Они думали об ограничениях.
— Хорошо здесь, — сказал адвокат. — Но стоит мне осознать, что дверь заперта, как я начинаю завидовать тому, кто ходит по палубе, разминая ноги.
Как только он сказал это, выстрел потряс корабль.
— Пушечный выстрел! — сказал Хельвен.
Мария Ерикова не дрогнула.
— Вот, — сказал ей Хельвен. — поделом вам. Сдаётся мне, началось приключение.
Профессор вскочил.
— Что это? Что вообще случилось?
Что касается Леминака, то он тщетно пытался разглядеть в иллюминаторе, что происходит снаружи.
От второго выстрела затряслись стаканы и чашки.
— Но это морское сражение, — сказала Мария.
— Берегитесь абордажа, — улыбнулся Хельвен.
Леминак пробормотал, бледнея:
— Но я ничего не вижу, ничего… так, немного дыма!
Что касается профессора, то он зашагал по салону:
— Это непостижимо, непостижимо. Такой воспитанный человек!
Наступила тишина.
Послышался свист, зазвенела цепь. Корабль замедлил ход и, наконец, остановился.
— Остановились. В открытом море…
— Там другой корабль, — сказал Леминак, — и он швартуется. Но я не могу разглядеть его нос.
Он попытался открыть иллюминатор. Это оказалось невозможным: он был надёжно заперт.
Над собой пассажиры услышали звуки тяжёлых ящиков, которые куда-то волокли, свист — всю эту суматоху они никак не могли объяснить.

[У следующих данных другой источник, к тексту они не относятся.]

(* Let $\Gamma=(V,E)$ be a finite graph, $\{G_v\}_{v\in V}$ a collection of non-trivial finitely generated abelian groups, and $G=W(\Gamma,\{G_v\}_{v\in V})$ their graph product. Assume that every vertex $v$ with $st(v)=V$ has finite vertex group $G_v$. Then $[\mathrm{Aut}(G),G]$ is a subgroup of finite index in $G$. Moreover, if no vertex $v\in V$ satisfies $st(v)=V$ and every vertex group $G_v$ is finite of odd order (i.e. no element of any vertex group has infinite order or order a power of $2$ other than $1$), then $[\mathrm{Aut}(G),G]=G$.
   Context: Graph: $\Gamma=(V,E)$, $V$ non-empty finite, $E$ a set of 2-element subsets; $lk(v)=\{x:\{v,x\}\in E\}$, $st(v)=lk(v)\cup\{v\}$. Graph product: $(\ast_{v}G_v)/N$ with $N$ normally generated by $[G_x,G_y]$, $\{x,y\}\in E$. $[\mathrm{Aut}(G),G]$ denotes the subgroup of $G$ generated by all elements $\varphi(g)g^{-1}$ with $\varphi\in\mathrm{Aut}(G)$, $g\in G$ (this corresponds to the commutators $[\varphi,c_g]=c_{\varphi(g)g^{-1}}$ in $\mathrm{Aut}(G)$, where $c_g$ is conjugation by $g$). *)

theory Defs
  imports "HOL-Algebra.Algebra"
begin

definition simple_graph :: "'v set \<Rightarrow> 'v set set \<Rightarrow> bool" where
  "simple_graph V E \<longleftrightarrow> finite V \<and> V \<noteq> {} \<and>
     (\<forall>e\<in>E. \<exists>x y. e = {x, y} \<and> x \<noteq> y \<and> x \<in> V \<and> y \<in> V)"

definition lk :: "'v set set \<Rightarrow> 'v \<Rightarrow> 'v set" where
  "lk E v = {x. {v, x} \<in> E}"

definition st :: "'v set set \<Rightarrow> 'v \<Rightarrow> 'v set" where
  "st E v = lk E v \<union> {v}"

definition gp_words :: "'v set \<Rightarrow> ('v \<Rightarrow> 'g monoid) \<Rightarrow> ('v \<times> 'g) list set" where
  "gp_words V G = {w. \<forall>(v, g) \<in> set w. v \<in> V \<and> g \<in> carrier (G v)}"

text \<open>Elementary moves: delete an identity letter (free product), merge two adjacent
  letters of the same vertex group (free product), swap adjacent letters from adjacent
  vertices (the relations [G_x, G_y] = 1 for {x,y} in E).\<close>

inductive_set gp_step :: "'v set \<Rightarrow> 'v set set \<Rightarrow> ('v \<Rightarrow> 'g monoid)
    \<Rightarrow> (('v \<times> 'g) list \<times> ('v \<times> 'g) list) set"
  for V E G where
  del_one: "\<lbrakk>xs \<in> gp_words V G; ys \<in> gp_words V G; v \<in> V\<rbrakk> \<Longrightarrow>
     (xs @ [(v, \<one>\<^bsub>G v\<^esub>)] @ ys, xs @ ys) \<in> gp_step V E G"
| merge: "\<lbrakk>xs \<in> gp_words V G; ys \<in> gp_words V G; v \<in> V;
     a \<in> carrier (G v); b \<in> carrier (G v)\<rbrakk> \<Longrightarrow>
     (xs @ [(v, a), (v, b)] @ ys, xs @ [(v, a \<otimes>\<^bsub>G v\<^esub> b)] @ ys) \<in> gp_step V E G"
| swap: "\<lbrakk>xs \<in> gp_words V G; ys \<in> gp_words V G; {u, w} \<in> E; u \<in> V; w \<in> V;
     a \<in> carrier (G u); b \<in> carrier (G w)\<rbrakk> \<Longrightarrow>
     (xs @ [(u, a), (w, b)] @ ys, xs @ [(w, b), (u, a)] @ ys) \<in> gp_step V E G"

definition gp_eqv :: "'v set \<Rightarrow> 'v set set \<Rightarrow> ('v \<Rightarrow> 'g monoid)
    \<Rightarrow> (('v \<times> 'g) list \<times> ('v \<times> 'g) list) set" where
  "gp_eqv V E G = (gp_step V E G \<union> (gp_step V E G)\<inverse>)\<^sup>* \<inter> (gp_words V G \<times> gp_words V G)"

definition graph_product :: "'v set \<Rightarrow> 'v set set \<Rightarrow> ('v \<Rightarrow> 'g monoid)
    \<Rightarrow> ('v \<times> 'g) list set monoid" where
  "graph_product V E G =
     \<lparr> carrier = (gp_words V G // gp_eqv V E G),
       monoid.mult = (\<lambda>A B. ( gp_eqv V E G `` {(SOME a. a \<in> A) @ (SOME b. b \<in> B)})),
       one = (gp_eqv V E G `` {[]}) \<rparr>"

definition aut_comm :: "('a, 'b) monoid_scheme \<Rightarrow> 'a set" where
  "aut_comm H = generate H
     {\<phi> g \<otimes>\<^bsub>H\<^esub> inv\<^bsub>H\<^esub> g | \<phi> g. \<phi> \<in> iso H H \<and> g \<in> carrier H}"

definition fin_gen_group :: "('a, 'b) monoid_scheme \<Rightarrow> bool" where
  "fin_gen_group H \<longleftrightarrow> (\<exists>S. finite S \<and> S \<subseteq> carrier H \<and> generate H S = carrier H)"

end

theory Submission
  imports Defs
begin

(* Since G_v is abelian, inverting the letters of one vertex group respects all defining
   relations of the graph product, so it is an automorphism; it sends the class of g^-1 to
   that of g, whence g^2 lies in [Aut(G), G] for every g in every G_v. Inner automorphisms put
   all commutators into [Aut(G), G], so the quotient is abelian, generated by the images of
   finitely many vertex-group generators, each of order at most 2, and therefore finite.
   If every G_v has odd order, each of its elements is a square, so [Aut(G), G] contains every
   vertex group and hence all of G. *)

lemma (in group) conjugation_iso:
  assumes x: "x \<in> carrier G"
  shows "(\<lambda>y. x \<otimes> y \<otimes> inv x) \<in> iso G G"
proof (rule isoI)
  show "(\<lambda>y. x \<otimes> y \<otimes> inv x) \<in> hom G G"
    by (rule homI) (simp_all add: x m_assoc flip: m_assoc[of "inv x" x])
  show "bij_betw (\<lambda>y. x \<otimes> y \<otimes> inv x) (carrier G) (carrier G)"
    using conjugation_is_bij[OF x] by (simp add: bij_betw_def inj_on_def image_def)
qed

lemma aut_comm_incl:
  "\<phi> \<in> iso H H \<Longrightarrow> g \<in> carrier H \<Longrightarrow> \<phi> g \<otimes>\<^bsub>H\<^esub> inv\<^bsub>H\<^esub> g \<in> aut_comm H"
  unfolding aut_comm_def by (rule generate.incl) blast

lemma (in group) aut_comm_subgroup: "subgroup (aut_comm G) G"
  unfolding aut_comm_def
  by (rule generate_is_subgroup) (auto simp: iso_def hom_in_carrier)

lemma (in group) commutator_in_aut_comm:
  assumes "x \<in> carrier G" "y \<in> carrier G"
  shows "x \<otimes> y \<otimes> inv x \<otimes> inv y \<in> aut_comm G"
  using aut_comm_incl[OF conjugation_iso[OF assms(1)] assms(2)] by simp

lemma (in group) aut_comm_normal: "aut_comm G \<lhd> G"
proof (rule normal_invI[OF aut_comm_subgroup])
  interpret H: subgroup "aut_comm G" G by (rule aut_comm_subgroup)
  fix x h assume x: "x \<in> carrier G" and h: "h \<in> aut_comm G"
  have "x \<otimes> h \<otimes> inv x = (x \<otimes> h \<otimes> inv x \<otimes> inv h) \<otimes> h"
    using x H.mem_carrier[OF h] by (simp add: m_assoc)
  then show "x \<otimes> h \<otimes> inv x \<in> aut_comm G"
    using H.m_closed[OF commutator_in_aut_comm[OF x H.mem_carrier[OF h]] h] by simp
qed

— У меня чувство, — сказал Хельвен Марии, — что хозяин «Баклана» занялся пиратством.
— Дитя, — сказала она. — Вы всё ещё верите в приключенческие романы?
Снова наступила тишина. Корабль снова двинулся в путь. Прошло около часа.
Из-за двери донёсся голос Ван ден Брукса, его бронзовый голос:
— Этим вечером экипажу двойную порцию тафии!
И дверь открылась…
Часть вторая. Ночи на «Баклане»
Глава VI. Рассказ доктора. Тетрадь в красном сафьяне
В это осеннее время в убаюканных ароматом его садов и деревьев окрестностях по вечерам вверх тянулись перила, чуть замедляя его аккорды.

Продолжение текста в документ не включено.